Françoise wrote this novel that is considered groundbreaking for a teenager, and it’s all about ballerina flats with French sailor tops and smoking cigarettes like Jean-Paul Belmondo and racing her sports car down to the Riviera while swigging straight from the Dom Pérignon bottle , sorta like Spring Break, French style, shattering the empties against olive trees and scaring the sheep. In other words, thinking she’s pretty merde chaude (vulgaire.)

I need to talk to her about those ballerina flats. She gets them off Repetto’s in Paris cause they made them for Bebe (Brigitte Bardot,) plus they make real ballet shoes, but it was the flats and toe cleavage and Brigitte doing her mambo dance in And God Created Woman.



Françoise’s gone and whacked off her hair in some kind of screwy homage to Arthur Rimbaud, that little disaffected punk from Charleville who went to Paris and spent the bulk of his time having sex with Verlaine, staying drunk off absinthe and writing some bad poetry, then running home to Mama, when not playing games with knives and guns and disappearing into London to teach French when he couldn’t even speak English.

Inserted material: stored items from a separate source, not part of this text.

lemma edge_leaving_block:
  assumes i: "i \<in> {1..n}" and e: "e \<in> edges H" "e \<inter> verts (Gs i) \<noteq> {}" "\<not> e \<subseteq> verts (Gs i)"
  obtains k where "k \<in> {1..n}" "k \<noteq> i" "x k 1 \<in> e"
proof -
  consider "e \<in> edges G" | k where "k \<in> {1..n}" "e \<in> edges (Gs k)"
    using e(1) by (auto simp: edges_H)
  then show thesis
  proof cases
    case 1
    obtain z where z: "z \<in> e" "z \<notin> verts (Gs i)" using e(3) by blast
    then have "z \<in> verts G" using 1 wf_graph_G by (auto simp: wf_graph_def)
    then obtain k where "k \<in> {1..n}" "z = x k 1" by (auto simp: G_verts)
    moreover have "k \<noteq> i" using z root_in_block[OF i] calculation(2) by blast
    ultimately show thesis using that z(1) by blast
  next
    case 2
    then have "e \<subseteq> verts (Gs k)" using wf_graph_Gs by (auto simp: wf_graph_def)
    then show thesis using blocks_disjoint[OF i 2(1)] e(2,3) by (cases "k = i") auto
  qed
qed

lemma closed_nbhd_private_subset:
  assumes i: "i \<in> {1..n}" and y: "y \<in> verts (Gs i) - {x i 1}"
  shows "closed_nbhd H y \<subseteq> verts (Gs i)"
proof
  fix w assume w: "w \<in> closed_nbhd H y"
  have yH: "y \<in> verts H" using y i by (auto simp: verts_H)
  show "w \<in> verts (Gs i)"
  proof (rule ccontr)
    assume "w \<notin> verts (Gs i)"
    then have "y \<notin> closed_nbhd H w" by (rule private_not_in_closed_nbhd[OF i y])
    moreover have "w \<in> verts H" using closed_nbhd_subset[OF yH] w by blast
    ultimately show False using w mem_closed_nbhd_commute[OF yH] by blast
  qed
qed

Françoise needs to realize this is D.C. where where we’ve got wars to deal with and a recession and Au Pied de Chochon flu. Anyway, she thought she was coming here to work for Cubism, an art movement, and instead she got me trying to teach her how a stapler works, for Christ's sake, so now she’s been slouching around a lot, sneering at everyone that crosses her path (that Rimbaud thing again,) and going around to Lauriol Plaza telling the al fresco group she’s leaving for Africa to become a gun runner and live the dissipated life of a downtrodden Colonial, talking about saints and paradise (her Patti Smith drone,) and how “Life is a farce. My innocence is enough to weep over,” and D.C. is hell and this is her season in it, and she keeps seeing fire and pitchforks in Penn Quarter. I mean, get a grip, girl. It's just an open kitchen.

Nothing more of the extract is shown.